Henry Ireton (c. 1652 – 1711), of Williamstrip, Gloucestershire, was an English Army officer, landowner and Whig politician who sat in the English and British House of Commons between 1698 and 1711.

Ireton was the only son of General Henry Ireton of Attenborough, Nottinghamshire and his wife Bridget Cromwell, daughter of Oliver Cromwell. He succeeded his father in 1651. In 1684, he was accused of being involved in the Rye House Plot and escaped to Holland after a warrant was issued for his arrest. When he returned to England in April 1685, he was arrested at Harwich, where he was kept in custody until his escape on 19 May. He was subsequently recaptured and imprisoned in Newgate Prison. He was charged high treason before the King on 26 September 1685 but was eventually pardoned on 19 April 1686. He married Katherine Powle, daughter of Henry Powle, (MP).

Ireton was an Equerry to King William from 1689 to 1702, and gentleman of the horse from June 1691 to 1702, and served in the wars in Holland. After 1689 he became a captain in Colonel Godfrey's Horse and in 1693 a major in the ist Troop of Horse Guards. On the death of his father-in-law in 1692, he acquired estates including Williamstrip. He was lieutenant and lieutenant-colonel of the Grenadier Guards from 1694 to 1704. In 1696, he became a Commissioner for taking subscriptions to the land bank.

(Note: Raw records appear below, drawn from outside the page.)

lemma sigma_in_ambient: "l \<in> ambient \<alpha> \<beta> \<Longrightarrow> sigma p i l \<in> ambient \<alpha> \<beta>"
  by (simp add: ambient_iff sigma_def)

lemma inj_sigma:
  assumes "prime CHAR('a)" and "p = CHAR('a)"
  shows "inj (sigma p i :: 'a::field word \<Rightarrow> 'a word)"
proof (rule injI)
  fix c d :: "'a word"
  assume "sigma p i c = sigma p i d"
  then have "map (Theta p i) (cshift (fst c)) = map (Theta p i) (cshift (fst d))"
    and "map (theta p i) (cshift (snd c)) = map (theta p i) (cshift (snd d))"
    by (auto simp: sigma_def)
  then have "cshift (fst c) = cshift (fst d)" and "cshift (snd c) = cshift (snd d)"
    using inj_Theta[OF assms] inj_theta[OF assms] by (auto dest: map_injective)
  then have "fst c = fst d" and "snd c = snd d"
    using injD[OF inj_cshift] by blast+
  then show "c = d"
    by (simp add: prod_eq_iff)
qed

lemma inner_sigma:
  assumes char: "prime CHAR('a)" "p = CHAR('a)"
    and "l \<in> ambient \<alpha> \<beta>" and "l' \<in> ambient \<alpha> \<beta>"
  shows "inner (sigma p i l) (sigma p i l' :: 'a::field word) = theta p i (inner l l')"
proof -
  obtain x y x' y' where l: "l = (x, y)" and l': "l' = (x', y')"
    by fastforce
  have "0 < p"
    using char prime_gt_0_nat by simp
  then have theta_embed: "theta p i (s, 0) = (Theta p i s, 0)" for s :: 'a
    by (simp add: theta_eq_Theta Theta_zero)
  have lengths: "length x = length x'" "length y = length y'"
    using assms(3,4) by (simp_all add: l l' ambient_def)
  have Theta_map2: "map2 (*) (map (Theta p i) xs) (map (Theta p i) ys) = map (Theta p i) (map2 (*) xs ys)"
    for xs ys :: "'a list"
    by (simp add: zip_map_map Theta_mult case_prod_beta)
  have theta_map2: "map2 R_mult (map (theta p i) xs) (map (theta p i) ys) = map (theta p i) (map2 R_mult xs ys)"
    for xs ys :: "('a \<times> 'a) list"
    by (simp add: zip_map_map theta_R_mult[OF char] case_prod_beta)
  have "inner (sigma p i l) (sigma p i l')
      = R_add (R_mult R_u (sum_list (map (Theta p i) (cshift (map2 (*) x x'))), 0))
          (R_sum (map (theta p i) (cshift (map2 R_mult y y'))))"
    by (simp only: l l' inner_def sigma_def fst_conv snd_conv Theta_map2 theta_map2 map2_cshift lengths)
  also have "\<dots> = R_add (R_mult R_u (Theta p i (sum_list (map2 (*) x x')), 0))
          (theta p i (R_sum (map2 R_mult y y')))"
    by (simp add: map_cshift sum_list_cshift R_sum_cshift Theta_sum_list[OF char] theta_R_sum[OF char])
  also have "\<dots> = theta p i (inner l l')"
    using \<open>0 < p\<close>
    by (simp add: l l' inner_def theta_R_add[OF char] theta_R_mult[OF char] theta_R_u theta_embed)
  finally show ?thesis .
qed

lemma inner_eq_sums:
  assumes "length x' = length x" and "length y' = length y"
  shows "inner (x, y) (x', y') =
    ((\<Sum>j<length y. fst (R_mult (y ! j) (y' ! j))),
     (\<Sum>k<length x. x ! k * x' ! k) + (\<Sum>j<length y. snd (R_mult (y ! j) (y' ! j))))"
  using assms by (simp add: inner_def R_sum_eq R_add_def R_u_def R_mult_def sum_list_sum_nth atLeast0LessThan)

text \<open>The scalar action is self-adjoint but not linear for the inner product: for
  \<open>s = a + u b\<close> it multiplies the \<open>\<F>\<^sub>q\<close>-part by \<open>\<eta> s = a\<close>, while \<open>u s = u (a + b)\<close>.\<close>
lemma inner_smult_word_adjoint:
  assumes "l \<in> ambient \<alpha> \<beta>" and "l' \<in> ambient \<alpha> \<beta>"
  shows "inner (smult_word s l) l' = inner l (smult_word s l')"
  using assms
  by (cases l; cases l')
    (simp add: ambient_def inner_eq_sums smult_word_def sum_distrib_left R_mult_def eta_def algebra_simps)

lemma inner_word_add_right:
  assumes "l \<in> ambient \<alpha> \<beta>" and "c \<in> ambient \<alpha> \<beta>" and "d \<in> ambient \<alpha> \<beta>"
  shows "inner l (word_add c d) = R_add (inner l c) (inner l d)"
  using assms
  by (cases l; cases c; cases d)
    (simp add: ambient_def inner_eq_sums word_add_def R_add_def R_mult_def sum.distrib algebra_simps)

lemma inner_word_zero_right:
  "l \<in> ambient \<alpha> \<beta> \<Longrightarrow> inner l (word_zero \<alpha> \<beta>) = R_zero"
  by (cases l) (simp add: ambient_def inner_eq_sums word_zero_def R_zero_def R_mult_def)

lemma dual_is_R_submodule:
  assumes C_ambient: "C \<subseteq> ambient \<alpha> \<beta>"
    and smult_closed: "\<And>s c. c \<in> C \<Longrightarrow> smult_word s c \<in> C"
  shows "is_R_submodule \<alpha> \<beta> (dual \<alpha> \<beta> C)"
proof -
  have "word_zero \<alpha> \<beta> \<in> ambient \<alpha> \<beta>"
    by (simp add: ambient_iff word_zero_def)
  with C_ambient have "word_zero \<alpha> \<beta> \<in> dual \<alpha> \<beta> C"
    by (auto simp: dual_def inner_word_zero_right)
  moreover have "word_add c d \<in> dual \<alpha> \<beta> C" if c: "c \<in> dual \<alpha> \<beta> C" and d: "d \<in> dual \<alpha> \<beta> C" for c d
  proof -
    have "word_add c d \<in> ambient \<alpha> \<beta>"
      using c d by (simp add: dual_def ambient_iff word_add_def)
    moreover have "inner l (word_add c d) = R_zero" if "l \<in> C" for l
      using c d subsetD[OF C_ambient that] that
      by (simp add: dual_def inner_word_add_right R_add_def R_zero_def)
    ultimately show ?thesis
      by (simp add: dual_def)
  qed
  moreover have "smult_word s c \<in> dual \<alpha> \<beta> C" if c: "c \<in> dual \<alpha> \<beta> C" for s c
  proof -
    have "smult_word s c \<in> ambient \<alpha> \<beta>"
      using c by (simp add: dual_def ambient_iff smult_word_def)
    moreover have "inner l (smult_word s c) = R_zero" if "l \<in> C" for l
      using c subsetD[OF C_ambient that] smult_closed[OF that]
      by (simp add: dual_def inner_smult_word_adjoint[symmetric])
    ultimately show ?thesis
      by (simp add: dual_def)
  qed
  ultimately show ?thesis
    by (auto simp: is_R_submodule_def dual_def)
qed

lemma sigma_in_dual:
  assumes char: "prime CHAR('a)" "p = CHAR('a)"
    and "C \<subseteq> ambient \<alpha> \<beta>" and "sigma p i ` C = C"
    and "c \<in> dual \<alpha> \<beta> (C :: 'a::field word set)"
  shows "sigma p i c \<in> dual \<alpha> \<beta> C"
proof -
  have "inner l (sigma p i c) = R_zero" if "l \<in> C" for l
  proof -
    from \<open>l \<in> C\<close> assms(4) obtain d where "d \<in> C" and "l = sigma p i d"
      by blast
    moreover have "inner d c = R_zero"
      using \<open>d \<in> C\<close> assms(5) by (simp add: dual_def)
    ultimately show ?thesis
      using inner_sigma[OF char subsetD[OF assms(3) \<open>d \<in> C\<close>]] assms(5) char
      by (simp add: dual_def theta_R_zero prime_gt_0_nat)
  qed
  with assms(5) show ?thesis
    by (auto simp: dual_def sigma_in_ambient)
qed

lemma finite_ambient: "finite (ambient \<alpha> \<beta> :: 'a::{finite,field} word set)"
proof -
  have "ambient \<alpha> \<beta> = {xs :: 'a list. length xs = \<alpha>} \<times> {ys :: ('a \<times> 'a) list. length ys = \<beta>}"
    by (auto simp: ambient_def)
  then show ?thesis
    using finite_lists_length_eq[of "UNIV :: 'a set" \<alpha>]
      finite_lists_length_eq[of "UNIV :: ('a \<times> 'a) set" \<beta>]
    by simp
qed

At the 1695 English general election, Ireton stood for Parliament at Cirencester where he was unknown and when he was on active service and was soundly defeated. However at the 1698 English general election, he was returned as Member of Parliament for Cirencester unopposed. He was returned again at the 1705 English general election. At the 1708 British general election he was returned instead as MP for Tewkesbury.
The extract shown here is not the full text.